### [What you have to do]
Each line holding the string "estimate" is to be copied from the data.

### [Supplied records]
text \<open>A function is \<open>k\<close>-monotone iff it changes value at most \<open>k\<close> times (counting a change
  from an implicit \<open>0\<close> before position \<open>1\<close>), and cancelling close pairs of changes shows that
  an \<open>\<epsilon>\<close>-far function has about \<open>(1 + 2\<epsilon>) k\<close> changes. Three testers cover all parameters.
  For \<open>k < 16 / \<epsilon>\<close>, sample \<open>O((k / \<epsilon>) log k)\<close> points and reject iff they witness a
  violation: a far function has \<open>k + 1\<close> consecutive alternating blocks of \<open>\<epsilon> n / (k + 1)\<close>
  points, and each is hit. For \<open>n = O(k / \<epsilon>\<^sup>2)\<close>, estimate the density of adjacent changes.
  Otherwise, estimate how often a random window of length \<open>w \<approx> \<epsilon> n / (8 k)\<close> sees both
  values: this is at most \<open>k w / N\<close> for a \<open>k\<close>-monotone function, while a far function has
  \<open>(1 + \<epsilon> / 4) k w\<close> heavy windows, because rounding it to the majority values of light
  windows costs little and leaves few changes. All three use \<open>O(\<epsilon>\<^sup>-\<^sup>6)\<close> queries.\<close>
definition ext0 :: "(nat \<Rightarrow> bool) \<Rightarrow> nat \<Rightarrow> bool" where
  "ext0 f i \<longleftrightarrow> i \<noteq> 0 \<and> f i"

definition changes :: "nat \<Rightarrow> (nat \<Rightarrow> bool) \<Rightarrow> nat set" where
  "changes n f = {i\<in>{1..n}. ext0 f i \<noteq> ext0 f (i - 1)}"

definition num_changes :: "nat \<Rightarrow> (nat \<Rightarrow> bool) \<Rightarrow> nat" where
  "num_changes n f = card (changes n f)"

### [The answer]
  points, and each is hit. For \<open>n = O(k / \<epsilon>\<^sup>2)\<close>, estimate the density of adjacent changes.
  Otherwise, estimate how often a random window of length \<open>w \<approx> \<epsilon> n / (8 k)\<close> sees both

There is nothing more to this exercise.